News in :90 – Dec. 14, 2022

Scientists announced Tuesday that they have for the first time produced more energy in a fusion reaction than was used to ignite it.

Scientists at the Lawrence Livermore National Laboratory in California started a reaction that produced about 1.5 times more energy than was contained in the light used to produce it.

There are decades more to wait before fusion could one day — maybe — be used to produce electricity in the real world. But the promise of fusion is enticing.
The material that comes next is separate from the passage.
(* Let $d\ge1$, $N\ge1$, $T>0$, let $\mathcal{K}:\mathbb{R}^d\to\mathbb{R}^d$ be Lipschitz continuous and compactly supported in $B_R(0)$, and for $\alpha,\beta\in\mathbb{R}$ let $K^N_{\alpha,\beta}(z)=N^{-\alpha}\mathcal{K}(z/N^\beta)$. Assume the desired velocity vanishes, $v_\textup{d}\equiv0$. Let $\alpha,\beta,\alpha',\beta'\in\mathbb{R}$ with $\alpha+\beta=\alpha'+\beta'$, let $U^N(z)=N^{\beta'-\beta}z$, and let $\mu^N_\cdot,\nu^N_\cdot\in C([0,T];\mathcal{M}^N_1(\mathbb{R}^d))$ be the solutions of the Cauchy problem with interaction kernels $K^N_{\alpha,\beta}$ and $K^N_{\alpha',\beta'}$ respectively, and initial data $\bar\mu^N$ and $\bar\nu^N=U^N\#\bar\mu^N$ in $\mathcal{M}^N_1(\mathbb{R}^d)$. Then $\nu^N_t=U^N\#\mu^N_t$ for all $t\in(0,T]$.
   Context: $\mathcal{M}^N_1(\mathbb{R}^d)$ is the set of positive Borel measures on $\mathbb{R}^d$ with total mass $N$ and finite first moment; $\#$ denotes push-forward. With interaction kernel $K$ and $v_\textup{d}\equiv0$, the velocity is $v[\mu](x)=-\int K(y-x)\,d\mu(y)$. A solution of the Cauchy problem $\partial_t\mu_t+\nabla\cdot(\mu_tv[\mu_t])=0$, $\mu_0=\bar\mu$, on $[0,T]$ is a curve $\mu_\cdot\in C([0,T];\mathcal{M}^N_1(\mathbb{R}^d))$ given by $\mu_t=\gamma_t\#\bar\mu$, where the flow map satisfies $\gamma_t(x)=x+\int_0^tv[\mu_s](\gamma_s(x))\,ds$. *)

theory Defs
  imports "HOL-Analysis.Analysis"
begin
If harnessed, it could produce nearly limitless, carbon-free energy to supply humanity’s electricity needs without raising global temperatures and worsening climate change.

Fusion ignition is “one of the most impressive scientific feats of the 21st century,″ Energy Secretary Jennifer Granholm said, adding that the breakthrough “will go down in the history books.”
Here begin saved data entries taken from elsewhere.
lemma expansion_term_Suc:
  "expansion_term \<theta> a n k (Suc u) = (\<Sum>r0=1..k. \<Sum>j=1..n.
     \<theta> * real ((k - 1) choose (r0 - 1)) * falling (real (a j)) r0 / real j * expansion_term \<theta> a (n - j) (k - r0) u)"
proof -
  have "expansion_term \<theta> a n k (Suc u) =
    (\<Sum>r0=1..k. \<Sum>rs\<in>compositions (k - r0) u. \<Sum>j=1..n. \<Sum>js\<in>index_tuples_le (n - j) u.
      \<theta> ^ Suc u * (real ((k - 1) choose (r0 - 1)) * comp_binom (k - r0) rs *
        (falling (real (a j)) r0 / real j * comp_falling a rs js * poch_frac \<theta> (n - j - sum_list js))))"
    unfolding expansion_term_def sum_compositions_Suc sum_index_tuples_le_Suc comp_binom_Cons comp_falling_Cons
    by (simp add: sum_distrib_left diff_diff_left)
  also have "\<dots> = (\<Sum>r0=1..k. \<Sum>j=1..n. \<Sum>rs\<in>compositions (k - r0) u. \<Sum>js\<in>index_tuples_le (n - j) u.
      \<theta> ^ Suc u * (real ((k - 1) choose (r0 - 1)) * comp_binom (k - r0) rs *
        (falling (real (a j)) r0 / real j * comp_falling a rs js * poch_frac \<theta> (n - j - sum_list js))))"
    by (rule sum.cong[OF refl]) (rule sum.swap)
  finally show ?thesis
    unfolding expansion_term_def by (simp add: sum_distrib_left algebra_simps)
qed

lemma expansion_term_eq_0: "k < u \<or> (u = 0 \<and> 0 < k) \<Longrightarrow> expansion_term \<theta> a n k u = 0"
  unfolding expansion_term_def by (auto simp: compositions_eq_empty compositions_0_right)

lemma sum_expansion_term_extend:
  "k \<le> U \<Longrightarrow> (\<Sum>u\<le>U. expansion_term \<theta> a n k u) = (\<Sum>u\<le>k. expansion_term \<theta> a n k u)"
  by (rule sum.mono_neutral_right) (auto simp: expansion_term_eq_0)

lemma scaled_moment_eq_expansion:
  "scaled_moment \<theta> a n k = (\<Sum>u\<le>k. expansion_term \<theta> a n k u)"
proof (induction k arbitrary: n rule: less_induct)
  case (less k)
  show ?case
  proof (cases k)
    case 0
    then show ?thesis
      by (simp add: scaled_moment_0 expansion_term_def compositions_0_right poch_frac_def)
  next
    case (Suc K)
    let ?c = "\<lambda>j r. \<theta> * real (K choose (r - 1)) * falling (real (a j)) r / real j"
    have IH: "scaled_moment \<theta> a (n - j) (Suc K - r) = (\<Sum>u\<le>K. expansion_term \<theta> a (n - j) (Suc K - r) u)"
      if "r \<in> {1..Suc K}" for j r
      using that less.IH[of "Suc K - r"] sum_expansion_term_extend[of "Suc K - r" K] Suc by auto
    have "scaled_moment \<theta> a n k = (\<Sum>j=1..n. \<Sum>r=1..Suc K. ?c j r * scaled_moment \<theta> a (n - j) (Suc K - r))"
      unfolding Suc by (rule scaled_moment_Suc)
    also have "\<dots> = (\<Sum>j=1..n. \<Sum>r=1..Suc K. \<Sum>u\<le>K. ?c j r * expansion_term \<theta> a (n - j) (Suc K - r) u)"
      by (intro sum.cong refl) (simp add: IH sum_distrib_left)
    also have "\<dots> = (\<Sum>u\<le>K. \<Sum>r=1..Suc K. \<Sum>j=1..n. ?c j r * expansion_term \<theta> a (n - j) (Suc K - r) u)"
      by (subst sum.swap, subst (1 2) sum.swap) (rule refl)
    also have "\<dots> = (\<Sum>u\<le>K. expansion_term \<theta> a n (Suc K) (Suc u))"
      by (simp add: expansion_term_Suc)
    also have "\<dots> = (\<Sum>u\<le>Suc K. expansion_term \<theta> a n (Suc K) u)"
      using sum.atMost_Suc_shift[of "expansion_term \<theta> a n (Suc K)" K] expansion_term_eq_0[of "Suc K" 0]
      by simp
    finally show ?thesis unfolding Suc .
  qed
qed

section \<open>Sums of inverse products\<close>

lemma harm_le_one_plus_ln: "0 < n \<Longrightarrow> harm n \<le> 1 + ln (real n)"
  using euler_mascheroni_sequence_decreasing[of 1 n] by (simp add: harm_def)

lemma sum_inverse_mult_diff_le:
  assumes "1 \<le> n"
  shows "(\<Sum>J=1..n-1. 1 / (real J * real (n - J))) \<le> 2 * (1 + ln (real n)) / real n"
proof -
  have "(\<Sum>J=1..n-1. 1 / real (n - J)) = (\<Sum>J=1..n-1. 1 / real (n - (n - 1 + 1 - J)))"
    by (rule sum.atLeastAtMost_rev)
  also have "\<dots> = (\<Sum>J=1..n-1. 1 / real J)"
    using assms by (intro sum.cong refl) auto
  finally have rev: "(\<Sum>J=1..n-1. 1 / real (n - J)) = (\<Sum>J=1..n-1. 1 / real J)" .
  have "(\<Sum>J=1..n-1. 1 / (real J * real (n - J))) = (\<Sum>J=1..n-1. 1 / real J + 1 / real (n - J)) / real n"
    unfolding sum_divide_distrib by (intro sum.cong refl) (auto simp: of_nat_diff field_simps)
  also have "\<dots> = 2 * harm (n - 1) / real n"
    unfolding sum.distrib rev by (simp add: harm_def inverse_eq_divide)
  also have "\<dots> \<le> 2 * (1 + ln (real n)) / real n"
  proof -
    have "harm (n - 1) \<le> (harm n :: real)" by (rule harm_mono) simp
    also have "\<dots> \<le> 1 + ln (real n)" using assms by (intro harm_le_one_plus_ln) simp
    finally have "harm (n - 1) \<le> 1 + ln (real n)" .
    then show ?thesis by (intro divide_right_mono) auto
  qed
  finally show ?thesis .
qed

definition inv_prod :: "nat list \<Rightarrow> real" where
  "inv_prod js = (\<Prod>i<length js. 1 / real (js ! i))"

definition harmonic_conv :: "nat \<Rightarrow> nat \<Rightarrow> real" where
  "harmonic_conv u J = (\<Sum>js\<in>compositions J u. inv_prod js)"

lemma inv_prod_Cons: "inv_prod (j # js) = 1 / real j * inv_prod js"
  unfolding inv_prod_def by (simp add: prod.lessThan_Suc_shift del: prod.lessThan_Suc)

lemma inv_prod_nonneg: "0 \<le> inv_prod js"
  unfolding inv_prod_def by (rule prod_nonneg) simp

lemma harmonic_conv_nonneg: "0 \<le> harmonic_conv u J"
  unfolding harmonic_conv_def by (rule sum_nonneg) (rule inv_prod_nonneg)

lemma harmonic_conv_Suc: "harmonic_conv (Suc u) J = (\<Sum>j=1..J. 1 / real j * harmonic_conv u (J - j))"
  unfolding harmonic_conv_def sum_compositions_Suc inv_prod_Cons sum_distrib_left ..

lemma harmonic_conv_0: "harmonic_conv 0 J = (if J = 0 then 1 else 0)"
  unfolding harmonic_conv_def compositions_0_right by (simp add: inv_prod_def)

lemma harmonic_conv_0_right: "1 \<le> u \<Longrightarrow> harmonic_conv u 0 = 0"
  unfolding harmonic_conv_def by (simp add: compositions_eq_empty)

lemma harmonic_conv_le:
  assumes "1 \<le> u" "1 \<le> J" "J \<le> N"
  shows "harmonic_conv u J \<le> 2 ^ (u - 1) * (1 + ln (real N)) ^ (u - 1) / real J"
  using assms
proof (induction u arbitrary: J rule: dec_induct)
  case base
  have "harmonic_conv 1 J = (\<Sum>j=1..J. 1 / real j * harmonic_conv 0 (J - j))"
    using harmonic_conv_Suc[of 0 J] by simp
  also have "\<dots> = (\<Sum>j=1..J. if j = J then 1 / real J else 0)"
    by (intro sum.cong refl) (auto simp: harmonic_conv_0)
  finally show ?case using base by simp
next
  case (step u)
  let ?L = "1 + ln (real N)"
  have L: "1 + ln (real J) \<le> ?L" using step.prems by simp
  have "harmonic_conv (Suc u) J = (\<Sum>j=1..J-1. 1 / real j * harmonic_conv u (J - j))"
  proof -
    have "{1..J} = insert J {1..J-1}" "J \<notin> {1..J-1}" using step.prems by auto
    then show ?thesis unfolding harmonic_conv_Suc using harmonic_conv_0_right[OF step.hyps(1)] by simp
  qed
  also have "\<dots> \<le> (\<Sum>j=1..J-1. 2 ^ (u - 1) * ?L ^ (u - 1) * (1 / (real j * real (J - j))))"
  proof (rule sum_mono)
    fix j assume j: "j \<in> {1..J-1}"
    then have "harmonic_conv u (J - j) \<le> 2 ^ (u - 1) * ?L ^ (u - 1) / real (J - j)"
      using step.prems by (intro step.IH) auto
    then show "1 / real j * harmonic_conv u (J - j) \<le> 2 ^ (u - 1) * ?L ^ (u - 1) * (1 / (real j * real (J - j)))"
      using j by (simp add: field_simps)
  qed
  also have "\<dots> \<le> 2 ^ (u - 1) * ?L ^ (u - 1) * (2 * ?L / real J)"
    unfolding sum_distrib_left[symmetric] using step.prems L
    by (intro mult_left_mono order_trans[OF sum_inverse_mult_diff_le] divide_right_mono) auto
  also have "\<dots> = 2 ^ (Suc u - 1) * ?L ^ (Suc u - 1) / real J"
    using step.hyps(1) by (cases u) (auto simp: field_simps)
  finally show ?case .
qed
Appearing with Granholm, White House science adviser Arati Prabhakar called the fusion ignition achieved Dec. 5 “a tremendous example of what perseverance really can achieve” and “an engineering marvel beyond belief.”
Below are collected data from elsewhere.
definition rmqt_iso :: "map_qt \<Rightarrow> map_qt \<Rightarrow> bool" where
  "rmqt_iso X X' \<longleftrightarrow> (case X of (B, \<sigma>, \<alpha>, r, S) \<Rightarrow> case X' of (B', \<sigma>', \<alpha>', r', S') \<Rightarrow>
     (\<exists>\<phi>. bij_betw \<phi> B B' \<and> (\<forall>b \<in> B. \<sigma>' (\<phi> b) = \<phi> (\<sigma> b) \<and> \<alpha>' (\<phi> b) = \<phi> (\<alpha> b)) \<and>
        r' = map_option \<phi> r \<and> S' = (\<lambda>e. \<phi> ` e) ` S))"

definition rooted_maps_with_quasi_tree :: "nat \<Rightarrow> map_qt set set" where
  "rooted_maps_with_quasi_tree m =
     {{X'. rmqt_wf m X' \<and> rmqt_iso X X'} | X. rmqt_wf m X}"

end

theory Submission
  imports Defs "HOL-Combinatorics.Cycles"
begin

lemma bij_betw_classes_of_complete_invariant:
  assumes read_in: "\<And>X. P X \<Longrightarrow> \<rho> X \<in> T"
    and complete: "\<And>X Y. P X \<Longrightarrow> P Y \<Longrightarrow> R X Y \<longleftrightarrow> \<rho> X = \<rho> Y"
    and surj: "\<And>M. M \<in> T \<Longrightarrow> \<exists>X. P X \<and> \<rho> X = M"
  shows "\<exists>g. bij_betw g {{Y. P Y \<and> R X Y} | X. P X} T"
proof -
  define cls where "cls X = {Y. P Y \<and> R X Y}" for X
  have cls_eq: "cls X = {Y. P Y \<and> \<rho> Y = \<rho> X}" if "P X" for X
    unfolding cls_def using complete[OF that] by auto
  define g where "g K = \<rho> (SOME X. X \<in> K)" for K
  have g_cls: "g (cls X) = \<rho> X" if "P X" for X
  proof -
    have "X \<in> cls X" using cls_eq[OF that] that by simp
    then have "(SOME Y. Y \<in> cls X) \<in> cls X" by (rule someI)
    then show ?thesis unfolding g_def using cls_eq[OF that] by simp
  qed
  have "bij_betw g (cls ` {X. P X}) T"
  proof (rule bij_betw_imageI)
    show "inj_on g (cls ` {X. P X})"
    proof (rule inj_onI)
      fix K L assume "K \<in> cls ` {X. P X}" "L \<in> cls ` {X. P X}" "g K = g L"
      then obtain X Y where "P X" "K = cls X" "P Y" "L = cls Y" "g (cls X) = g (cls Y)" by blast
      then show "K = L" using g_cls cls_eq by metis
    qed
    show "g ` cls ` {X. P X} = T"
      using g_cls read_in surj by (force simp: image_image)
  qed
  moreover have "{{Y. P Y \<and> R X Y} | X. P X} = cls ` {X. P X}"
    unfolding cls_def by auto
  ultimately show ?thesis by auto
qed

definition rank :: "('a \<Rightarrow> 'b::linorder) \<Rightarrow> 'a set \<Rightarrow> 'a \<Rightarrow> nat" where
  "rank g P z = Suc (card {w \<in> P. g w < g z})"

lemma rank_less_rank:
  assumes "finite P" "w \<in> P" "z \<in> P" "g w < g z"
  shows "rank g P w < rank g P z"
proof -
  have "{v \<in> P. g v < g w} \<subset> {v \<in> P. g v < g z}" using assms by auto
  then show ?thesis unfolding rank_def using assms(1) by (simp add: psubset_card_mono)
qed

lemma rank_less_rank_iff:
  assumes "finite P" "inj_on g P" "w \<in> P" "z \<in> P"
  shows "rank g P w < rank g P z \<longleftrightarrow> g w < g z"
  using rank_less_rank[OF assms(1,3,4)] rank_less_rank[OF assms(1,4,3)] inj_onD[OF assms(2) _ assms(3,4)]
  by (metis less_asym' linorder_neqE)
The U.S. government charged Samuel Bankman-Fried, the founder and former CEO of cryptocurrency exchange FTX, with a host of financial crimes on Tuesday, alleging he intentionally deceived customers and investors to enrich himself and others while playing a central role in the company’s multibillion-dollar collapse.

Federal prosecutors said Bankman-Fried devised “a scheme and artifice to defraud” FTX’s customers and investors beginning in 2019, the year it was founded.

He illegally diverted their money to cover expenses, debts, and risky trades at the crypto hedge fund he started in 2017, Alameda Research, and to make lavish real estate purchases and large political donations, prosecutors said in a 13-page indictment.

Bankman-Fried was arrested Monday in the Bahamas at the request of the U.S. government and was charged with eight criminal violations, ranging from wire fraud to money laundering to conspiracy to committing fraud.

If convicted of all the charges, Bankman-Fried could face decades in jail.

On Tuesday afternoon, President Joe Biden signed gay marriage legislation into law in a joyful ceremony that was tempered by the backdrop of an ongoing conservative backlash over gender issues.

“This law and the love it defends strike a blow against hate in all its forms,” Biden said on the South Lawn of the White House. “And that’s why this law matters to every single American.”

Lawmakers from both parties attended Tuesday’s ceremony, reflecting the growing acceptance of same-sex unions, once among the country’s most contentious issues.

The new law is intended to safeguard gay marriages if the U.S. Supreme Court ever reverses Obergefell v. Hodges, its 2015 decision legalizing same-sex unions nationwide.

The new law also protects interracial marriages.

In 1967, the Supreme Court in Loving v. Virginia struck down laws in 16 states barring interracial marriage.